Skandal na igrzyskach. Ukradli wiceministrowi 35 tys. dolarów
Wiceministrowi sportu Sudanu Południowego skradziono we Francji torbę, w której było 35 tys. dolarów i biżuteria. Pieniądze miały być przeznaczone na wydatki delegacji.
Jak podało "Le Figaro", wiceministrowi młodzieży i sportu Sudanu Południowego skradziono torbę, którą zostawił bez opieki w hotelu w Villejuif, w którym przebywa delegacja olimpijska kraju.
Kiedy urzędnik zauważył, że rzeczy zniknęły, zawiadomił służby. Policja przesłuchała personel hotelowy, jednak ten nie zauważył w ostatnim czasie niczego podejrzanego.
Dalsza część artykułu pod materiałem wideo
W torbie był telefon komórkowy ministra, biżuteria oraz 35 tys. dolarów, które były przeznaczone na wydatki delegacji.
Torbę znaleziono
Policji udało się namierzyć telefon urzędnika. Patrol znalazł torbę porzuconą za ciężarówką. Był tam telefon i biżuteria, ale pieniądze zniknęły.

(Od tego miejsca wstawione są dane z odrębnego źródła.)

(* Let $S\subseteq V$ with $|S|=\zeta$, and let $G$ be a $d$-colored $d$-regular graph on $V$ having a connected component $C$ with $C\subseteq S$ and $|C|\ge(1-\gamma)z$. Then the verifier $\mathcal{A}_{\mathsf{QMA}}$ described below, given the witness $|S\rangle=\frac{1}{\sqrt{|S|}}\sum_{v\in S}|v\rangle$ and oracle access to $G$, accepts with probability at least $1-3\sqrt{\gamma}$.
   Context: $N=2^n$ (sufficiently large), $|V|=N$; $d=100$, $\ell=N^{1/10}$, $\gamma=N^{-1/10}$, $z=N/\ell=N^{9/10}$, $\zeta=(1+\gamma)z$. A $d$-colored $d$-regular graph has exactly one incident edge of each color $\kappa\in[d]$ at each vertex (self-loops allowed); $G(j,\kappa)$ is the $\kappa$-neighbor of $j$, and the oracle is $|j,\kappa,z\rangle\mapsto|j,\kappa,z\oplus G(j,\kappa)\rangle$. Using two oracle calls one implements $U_{\mathrm{walk}}|j,\kappa\rangle=|G(j,\kappa),\kappa\rangle$ (and its controlled version). Let $|\bar 0_V\rangle=N^{-1/2}\sum_{j\in V}|j\rangle$ and $|\bar0_d\rangle=d^{-1/2}\sum_{\kappa\in[d]}|\kappa\rangle$. The verifier $\mathcal{A}_{\mathsf{QMA}}$ on witness register $W$ (state $|\psi\rangle$): prepare a control qubit in $|+\rangle$ and a color register in $|\bar0_d\rangle$; apply $U_{\mathrm{walk}}$ to $(W,\text{color})$ controlled on the control qubit; measure the control in the $\{|+\rangle,|-\rangle\}$ basis and the color register with $\{|\bar0_d\rangle\langle\bar0_d|,I-|\bar0_d\rangle\langle\bar0_d|\}$, rejecting unless the outcomes are $+$ and $\bar0_d$; then measure $W$ with $\{|\bar0_V\rangle\langle\bar0_V|,I-|\bar0_V\rangle\langle\bar0_V|\}$, rejecting on the first outcome and accepting otherwise. *)

theory Defs
  imports Complex_Main
begin

definition NN :: "nat \<Rightarrow> real" where "NN n = real ((2::nat) ^ n)"
definition ell :: "nat \<Rightarrow> real" where "ell n = NN n powr (1/10)"
definition gam :: "nat \<Rightarrow> real" where "gam n = NN n powr (-1/10)"
definition zz :: "nat \<Rightarrow> real" where "zz n = NN n / ell n"
definition zeta :: "nat \<Rightarrow> real" where "zeta n = (1 + gam n) * zz n"

text \<open>A d-colored d-regular graph on V, given by G j k = the k-neighbour of j:
  each vertex has exactly one incident edge of each colour k < d (self-loops allowed),
  i.e. the k-neighbour of the k-neighbour of j is j again.\<close>
definition colored_regular :: "nat set \<Rightarrow> nat \<Rightarrow> (nat \<Rightarrow> nat \<Rightarrow> nat) \<Rightarrow> bool" where
  "colored_regular V d G \<longleftrightarrow> (\<forall>j\<in>V. \<forall>k<d. G j k \<in> V \<and> G (G j k) k = j)"

definition graph_adj :: "nat \<Rightarrow> (nat \<Rightarrow> nat \<Rightarrow> nat) \<Rightarrow> nat \<Rightarrow> nat \<Rightarrow> bool" where
  "graph_adj d G j u \<longleftrightarrow> (\<exists>k<d. G j k = u \<or> G u k = j)"

definition is_component :: "nat set \<Rightarrow> nat \<Rightarrow> (nat \<Rightarrow> nat \<Rightarrow> nat) \<Rightarrow> nat set \<Rightarrow> bool" where
  "is_component V d G C \<longleftrightarrow> (\<exists>v\<in>V. C = {u. (graph_adj d G)\<^sup>*\<^sup>* v u})"

text \<open>Quantum states on (control qubit, witness register W, colour register):
  amplitude functions  control (bool: False = |0>, True = |1>)  => vertex => colour => complex.\<close>
type_synonym qstate = "bool \<Rightarrow> nat \<Rightarrow> nat \<Rightarrow> complex"

text \<open>|+> (x) |psi> (x) |0bar_d>\<close>
definition init_state :: "nat \<Rightarrow> (nat \<Rightarrow> complex) \<Rightarrow> qstate" where
  "init_state d psi b j k = (if k < d then psi j / complex_of_real (sqrt 2 * sqrt (real d)) else 0)"

text \<open>Controlled U_walk : |1,j,k> -> |1,G(j,k),k>, identity on control |0>.\<close>
definition ctrl_walk :: "nat set \<Rightarrow> (nat \<Rightarrow> nat \<Rightarrow> nat) \<Rightarrow> qstate \<Rightarrow> qstate" where
  "ctrl_walk V G st b v k = (if b then (\<Sum>j\<in>{j\<in>V. G j k = v}. st True j k) else st False v k)"

text \<open>Unnormalized state of W after projecting the control onto |+> and the colour onto |0bar_d>.\<close>
definition proj_plus_bar0 :: "nat \<Rightarrow> qstate \<Rightarrow> nat \<Rightarrow> complex" where
  "proj_plus_bar0 d st v =
     (\<Sum>b\<in>(UNIV::bool set). (\<Sum>k<d. st b v k / complex_of_real (sqrt 2 * sqrt (real d))))"

text \<open>Acceptance probability: squared norm of the W-state after the first projection,
  further projected onto the complement of |0bar_V>.\<close>
definition accept_prob :: "nat set \<Rightarrow> nat \<Rightarrow> (nat \<Rightarrow> nat \<Rightarrow> nat) \<Rightarrow> (nat \<Rightarrow> complex) \<Rightarrow> real" where
  "accept_prob V d G psi =
     (let phi = proj_plus_bar0 d (ctrl_walk V G (init_state d psi));
          avg = (\<Sum>u\<in>V. phi u) / of_nat (card V)
      in (\<Sum>v\<in>V. (cmod (phi v - avg))\<^sup>2))"

definition subset_state :: "nat set \<Rightarrow> nat \<Rightarrow> complex" where
  "subset_state S v = (if v \<in> S then complex_of_real (1 / sqrt (real (card S))) else 0)"

end

theory Submission
  imports Defs
begin

text \<open>For a real witness p the state of W after the first projection is the lazy random walk
  (I + A/d)/2 applied to p. The walk preserves the total amplitude, since each colour acts as a
  permutation of V, and it fixes the subset state on the component C, which is closed under
  neighbours. The acceptance probability is the squared norm of the walked state minus its
  component along the uniform state; so it is at least |C|/|S| - |S|/N, and the parameters make
  this at least 1 - 3 sqrt gamma.\<close>

definition lazy_walk :: "nat \<Rightarrow> (nat \<Rightarrow> nat \<Rightarrow> nat) \<Rightarrow> (nat \<Rightarrow> real) \<Rightarrow> nat \<Rightarrow> real" where
  "lazy_walk d G p v = (\<Sum>k<d. (p v + p (G v k)) / (2 * real d))"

To nie pierwszy przypadek takiej kradzieży podczas igrzysk olimpijskich w Paryżu. Już 23 lipca z szatni stadionu Saint-Ettiene piłgarzowi argentyńskiej drużyny piłkarskiego Thiago Almadzie skradziono zegarek i pierścionek o łącznej wartości szacowanej na 50 tys. zł.